(What you should do):
Each line holding the string "thesis" is to be copied from the data.

[Data extract Boundary: Start]

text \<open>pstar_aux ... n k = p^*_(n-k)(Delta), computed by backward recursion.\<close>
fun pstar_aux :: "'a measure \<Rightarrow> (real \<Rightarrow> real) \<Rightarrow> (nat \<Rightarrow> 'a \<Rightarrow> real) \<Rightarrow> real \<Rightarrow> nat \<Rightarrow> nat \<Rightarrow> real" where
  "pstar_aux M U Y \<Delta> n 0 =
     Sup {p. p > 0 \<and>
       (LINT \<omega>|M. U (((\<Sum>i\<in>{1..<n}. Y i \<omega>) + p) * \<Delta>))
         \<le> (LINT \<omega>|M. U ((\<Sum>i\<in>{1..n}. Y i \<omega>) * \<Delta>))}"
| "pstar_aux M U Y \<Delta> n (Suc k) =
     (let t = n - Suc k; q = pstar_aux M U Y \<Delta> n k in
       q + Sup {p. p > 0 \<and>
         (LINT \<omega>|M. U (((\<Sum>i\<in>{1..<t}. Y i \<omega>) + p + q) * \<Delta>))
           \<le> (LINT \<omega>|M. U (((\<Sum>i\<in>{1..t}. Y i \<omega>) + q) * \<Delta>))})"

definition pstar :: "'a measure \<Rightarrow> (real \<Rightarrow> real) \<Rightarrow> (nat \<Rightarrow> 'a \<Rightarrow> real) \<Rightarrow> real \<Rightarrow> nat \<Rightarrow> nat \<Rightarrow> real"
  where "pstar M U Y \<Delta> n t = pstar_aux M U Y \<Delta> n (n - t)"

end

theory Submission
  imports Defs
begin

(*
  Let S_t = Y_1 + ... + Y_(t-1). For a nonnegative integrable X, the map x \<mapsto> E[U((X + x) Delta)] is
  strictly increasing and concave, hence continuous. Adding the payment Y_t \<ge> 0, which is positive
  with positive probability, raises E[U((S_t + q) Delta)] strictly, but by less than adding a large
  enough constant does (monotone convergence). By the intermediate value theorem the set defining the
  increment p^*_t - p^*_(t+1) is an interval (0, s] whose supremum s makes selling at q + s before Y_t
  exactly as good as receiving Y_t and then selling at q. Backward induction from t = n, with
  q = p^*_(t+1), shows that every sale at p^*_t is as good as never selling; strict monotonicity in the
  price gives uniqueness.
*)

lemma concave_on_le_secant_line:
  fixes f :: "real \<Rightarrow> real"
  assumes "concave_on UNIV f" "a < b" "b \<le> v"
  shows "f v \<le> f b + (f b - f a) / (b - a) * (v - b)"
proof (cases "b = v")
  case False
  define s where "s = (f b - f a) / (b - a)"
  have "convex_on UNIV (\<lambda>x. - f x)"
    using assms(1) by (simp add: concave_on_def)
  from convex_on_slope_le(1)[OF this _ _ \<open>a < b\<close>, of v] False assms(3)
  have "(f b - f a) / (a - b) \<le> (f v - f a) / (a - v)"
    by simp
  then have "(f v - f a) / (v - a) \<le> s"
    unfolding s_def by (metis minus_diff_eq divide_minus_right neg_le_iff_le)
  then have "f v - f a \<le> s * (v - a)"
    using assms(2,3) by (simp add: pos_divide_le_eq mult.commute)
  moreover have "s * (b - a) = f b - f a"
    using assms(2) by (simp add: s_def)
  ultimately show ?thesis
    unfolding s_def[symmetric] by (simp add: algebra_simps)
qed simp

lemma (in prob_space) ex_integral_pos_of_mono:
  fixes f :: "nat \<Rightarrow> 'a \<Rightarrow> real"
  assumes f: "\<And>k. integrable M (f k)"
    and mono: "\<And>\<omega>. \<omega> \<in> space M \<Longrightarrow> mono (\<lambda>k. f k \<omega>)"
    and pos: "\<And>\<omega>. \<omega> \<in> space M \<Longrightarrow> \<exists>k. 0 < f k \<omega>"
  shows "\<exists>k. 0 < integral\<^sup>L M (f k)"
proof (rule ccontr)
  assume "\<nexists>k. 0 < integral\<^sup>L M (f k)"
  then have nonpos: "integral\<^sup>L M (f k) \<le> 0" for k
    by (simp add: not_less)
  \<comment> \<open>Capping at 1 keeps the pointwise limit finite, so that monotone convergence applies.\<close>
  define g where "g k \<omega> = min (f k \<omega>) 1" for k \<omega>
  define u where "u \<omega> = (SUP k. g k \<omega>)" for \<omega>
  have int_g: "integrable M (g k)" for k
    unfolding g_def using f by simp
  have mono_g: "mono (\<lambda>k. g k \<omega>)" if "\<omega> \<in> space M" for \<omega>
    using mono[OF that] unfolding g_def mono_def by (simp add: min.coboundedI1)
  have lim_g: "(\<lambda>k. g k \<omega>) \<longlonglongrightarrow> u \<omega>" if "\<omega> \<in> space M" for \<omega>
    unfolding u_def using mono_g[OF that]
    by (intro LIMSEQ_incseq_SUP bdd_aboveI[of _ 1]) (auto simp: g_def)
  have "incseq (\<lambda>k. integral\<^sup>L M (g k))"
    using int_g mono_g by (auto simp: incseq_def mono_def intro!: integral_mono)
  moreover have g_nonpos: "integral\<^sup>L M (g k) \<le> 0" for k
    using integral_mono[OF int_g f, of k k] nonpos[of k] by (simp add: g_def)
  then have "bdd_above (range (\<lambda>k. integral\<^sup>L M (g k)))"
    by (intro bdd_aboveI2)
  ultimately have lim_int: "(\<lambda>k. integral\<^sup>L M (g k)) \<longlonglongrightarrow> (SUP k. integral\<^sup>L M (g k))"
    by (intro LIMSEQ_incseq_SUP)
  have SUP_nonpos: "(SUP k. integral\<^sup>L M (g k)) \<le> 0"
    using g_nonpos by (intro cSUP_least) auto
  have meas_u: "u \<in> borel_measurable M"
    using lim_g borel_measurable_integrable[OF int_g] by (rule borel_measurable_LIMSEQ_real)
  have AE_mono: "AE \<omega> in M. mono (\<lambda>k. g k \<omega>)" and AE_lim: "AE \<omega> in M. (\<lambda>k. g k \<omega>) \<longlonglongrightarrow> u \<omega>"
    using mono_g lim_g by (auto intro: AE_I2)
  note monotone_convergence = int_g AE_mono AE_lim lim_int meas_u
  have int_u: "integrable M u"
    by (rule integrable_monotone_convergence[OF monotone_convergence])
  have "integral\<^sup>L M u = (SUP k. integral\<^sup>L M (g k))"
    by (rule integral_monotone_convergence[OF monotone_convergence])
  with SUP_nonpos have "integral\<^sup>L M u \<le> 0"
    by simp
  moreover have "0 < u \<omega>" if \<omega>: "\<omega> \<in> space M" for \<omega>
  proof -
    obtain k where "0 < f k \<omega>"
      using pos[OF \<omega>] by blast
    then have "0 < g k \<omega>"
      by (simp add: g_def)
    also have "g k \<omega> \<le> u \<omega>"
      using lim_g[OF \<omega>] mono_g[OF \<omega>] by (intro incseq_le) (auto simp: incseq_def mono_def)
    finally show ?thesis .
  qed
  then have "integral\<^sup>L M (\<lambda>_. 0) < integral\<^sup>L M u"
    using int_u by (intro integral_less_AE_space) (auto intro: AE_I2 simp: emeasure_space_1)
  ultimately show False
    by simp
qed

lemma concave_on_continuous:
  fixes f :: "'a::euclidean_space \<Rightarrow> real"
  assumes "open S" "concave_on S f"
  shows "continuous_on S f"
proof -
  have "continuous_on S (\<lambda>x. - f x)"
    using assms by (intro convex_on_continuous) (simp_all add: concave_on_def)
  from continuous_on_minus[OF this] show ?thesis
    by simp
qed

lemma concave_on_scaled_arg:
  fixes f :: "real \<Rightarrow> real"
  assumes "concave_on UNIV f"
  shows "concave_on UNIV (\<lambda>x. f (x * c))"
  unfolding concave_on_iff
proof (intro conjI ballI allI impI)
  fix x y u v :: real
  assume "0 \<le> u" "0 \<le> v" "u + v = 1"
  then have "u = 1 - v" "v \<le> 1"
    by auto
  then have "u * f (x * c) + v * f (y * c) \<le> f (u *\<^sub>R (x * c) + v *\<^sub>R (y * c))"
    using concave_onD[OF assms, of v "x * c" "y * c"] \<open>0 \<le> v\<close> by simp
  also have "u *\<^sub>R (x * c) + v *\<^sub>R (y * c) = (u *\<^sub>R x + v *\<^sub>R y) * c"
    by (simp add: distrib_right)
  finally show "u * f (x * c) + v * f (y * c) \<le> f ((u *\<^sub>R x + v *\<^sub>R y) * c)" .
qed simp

[Data extract Boundary: End]

(Answer to this problem):
  ultimately show ?thesis
    finally show ?thesis .
  from continuous_on_minus[OF this] show ?thesis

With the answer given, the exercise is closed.